Land: Frankreich, Belgien, Japan
Laufzeit: ca. 81 Minuten
FSK: ab 0 freigegeben
Genre: Animation, Drama, Abenteuer, Fantasy
Tags: Schildkröte | Einsame Insel | Familie | Natur | Einklang | Schicksal

Seenot mal anders.

Inhalt: Als sich ein Schiffbrüchiger mit Ach und Krach auf eine einsame Insel irgendwo in den Weltmeeren retten kann, versucht er bald daraufhin alles um seiner misslichen Lage zu entgehen. Doch was er auch anstellt, es gelingt ihm einfach nicht die Insel zu verlassen – wobei es lange unklar bleibt, wer oder was dafür verantwortlich sein könnte. Eines Tages jedoch kann er einen Blick auf jene Kreatur erhaschen, die mit seinem Scheitern direkt in Verbindung zu stehen scheint – eine riesige rote Schildkröte. Auch wenn er nicht genau weiß wie sie seine Flucht hat verhindern können, dreht er das Tier kurz darauf wutentbrannt auf den Rücken – und lässt es zum Sterben in der prallen Sonne liegen. In der darauf folgenden Nacht plagen ihn jedoch Alpträume, und er setzt alles daran die Schildkröte doch noch zu retten. Ob es dafür bereits zu spät ist oder nicht, wird sich erst noch zeigen…

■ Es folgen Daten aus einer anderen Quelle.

lemma basic_inequality:
  "(norm2n n x delta)\<^sup>2 \<le> 2 * c_s * norm2n n x delta
     + lam / real n * ((1 + 1 / c) * l1on T delta - (1 - 1 / c) * l1on (- T) delta)"
proof -
  define r where "r i = f i - xdot x i beta0" for i
  define d where "d i = xdot x i delta" for i
  have "En n (\<lambda>i. (y i - xdot x i betah)\<^sup>2)
      = En n (\<lambda>i. (y i - xdot x i beta0)\<^sup>2 - 2 * (eps i * d i) - 2 * (r i * d i) + (d i)\<^sup>2)"
    by (rule En_cong) (simp add: model xdot_betah r_def d_def power2_eq_square algebra_simps)
  also have "\<dots> = En n (\<lambda>i. (y i - xdot x i beta0)\<^sup>2) - 2 * En n (\<lambda>i. eps i * d i)
      - 2 * En n (\<lambda>i. r i * d i) + (norm2n n x delta)\<^sup>2"
    unfolding En_add En_diff En_cmult norm2n_power2 d_def ..
  finally have "(norm2n n x delta)\<^sup>2 \<le> 2 * En n (\<lambda>i. eps i * d i) + 2 * En n (\<lambda>i. r i * d i)
      + lam / real n * (l1 beta0 - l1 betah)"
    using lasso[unfolded is_lasso_def, rule_format, of beta0]
    by (simp add: lasso_obj_def algebra_simps)
  moreover have "2 * En n (\<lambda>i. eps i * d i) \<le> lam / real n / c * l1 delta"
  proof -
    have "2 * En n (\<lambda>i. eps i * d i) \<le> l1 delta * supnorm (score n x eps)"
      using sum_mult_le_l1_supnorm[of delta "score n x eps"] unfolding score_inner d_def .
    also have "\<dots> \<le> l1 delta * (lam / real n / c)"
      by (intro mult_left_mono supnorm_score_le) (simp add: l1_def sum_nonneg)
    finally show ?thesis by (simp add: mult.commute)
  qed
  moreover have "En n (\<lambda>i. r i * d i) \<le> c_s * norm2n n x delta"
    using En_Cauchy_Schwarz[of n r d] by (simp add: r_def d_def norm2n_def)
  moreover have "lam / real n * (l1 beta0 - l1 betah) \<le> lam / real n * (l1on T delta - l1on (- T) delta)"
    using lam_pos l1_diff_le_l1on_supp[of beta0 betah] by (intro mult_left_mono) simp_all
  moreover have "lam / real n / c * l1 delta + lam / real n * (l1on T delta - l1on (- T) delta)
      = lam / real n * ((1 + 1 / c) * l1on T delta - (1 - 1 / c) * l1on (- T) delta)"
    by (simp add: l1_eq_l1on_add_l1on_Compl[of _ T] algebra_simps)
  ultimately show ?thesis
    by linarith
qed

lemma restricted_cone:
  assumes "2 * c_s * norm2n n x delta < (norm2n n x delta)\<^sup>2"
  shows "l1on (- T) delta \<le> cbar * l1on T delta" and "0 < l1on T delta"
proof -
  have "0 < lam / real n * ((1 + 1 / c) * l1on T delta - (1 - 1 / c) * l1on (- T) delta)"
    using assms basic_inequality by linarith
  moreover have "0 < lam / real n"
    using lam_pos n_pos by simp
  ultimately have "0 < (1 + 1 / c) * l1on T delta - (1 - 1 / c) * l1on (- T) delta"
    by (rule zero_less_mult_pos)
  then have "(1 - 1 / c) * l1on (- T) delta < (1 + 1 / c) * l1on T delta"
    by linarith
  then have "c * ((1 - 1 / c) * l1on (- T) delta) < c * ((1 + 1 / c) * l1on T delta)"
    using c_gt by (intro mult_strict_left_mono) simp_all
  moreover have "c * (1 - 1 / c) = c - 1" and "c * (1 + 1 / c) = c + 1"
    using c_gt by (simp_all add: algebra_simps)
  ultimately have cone: "(c - 1) * l1on (- T) delta < (c + 1) * l1on T delta"
    by (simp only: mult.assoc[symmetric])
  have "cbar * l1on T delta = (c + 1) * l1on T delta / (c - 1)"
    by simp
  then show "l1on (- T) delta \<le> cbar * l1on T delta"
    using cone c_gt by (simp add: pos_le_divide_eq mult.commute)
  have "0 \<le> (c - 1) * l1on (- T) delta"
    using c_gt by (simp add: l1on_nonneg)
  then have "0 < (c + 1) * l1on T delta"
    using cone by linarith
  then show "0 < l1on T delta"
    using c_gt by (simp add: zero_less_mult_iff)
qed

Kritik: Nein – man braucht nicht viel, um einen anständigen Animationsfilm auf die Beine zu stellen. Zumindest nicht, wenn man eine entsprechende inhaltliche Vision vor sich hat und die Gelegenheit erhält, sich in Bezug auf die technische und vor allem visuelle Komponente auf die Mitarbeit bereits erfahrener Veteranen verlassen zu können. Ungefähr hat es sich auch im Falle von LA TORTUE ROUGE ereignet, einem vom niederländischen Drehbuchautor und Trickfilmregisseur Michael Dudok De Wit erdachten; letztendlich auf multinationaler Ebene umgesetzten Projekt – das von niemand geringerem als ToshioSuzuki, dem Vorsitzenden des japanischen Studio GHIBLI (unter anderem verantwortlich für Anime-Meileinsteine wie PRINZESSIN MONONOKE, siehe Review) produziert wurde. Gesetzt dem Fall dass man hat schon einmal einen Blick auf die liebevollen zeichnerischen Welten des berühmten Studios hat werfen können, sieht man das auch direkt – wofür es nicht erst die spezielle Darstellung der kleinen Krabben braucht, die dezent an die sogenannten Rußmännchen aus MEIN NACHBAR TOTORO (Review) oder CHIHIROS REISE INS ZAUBERLAND (Review) erinnern.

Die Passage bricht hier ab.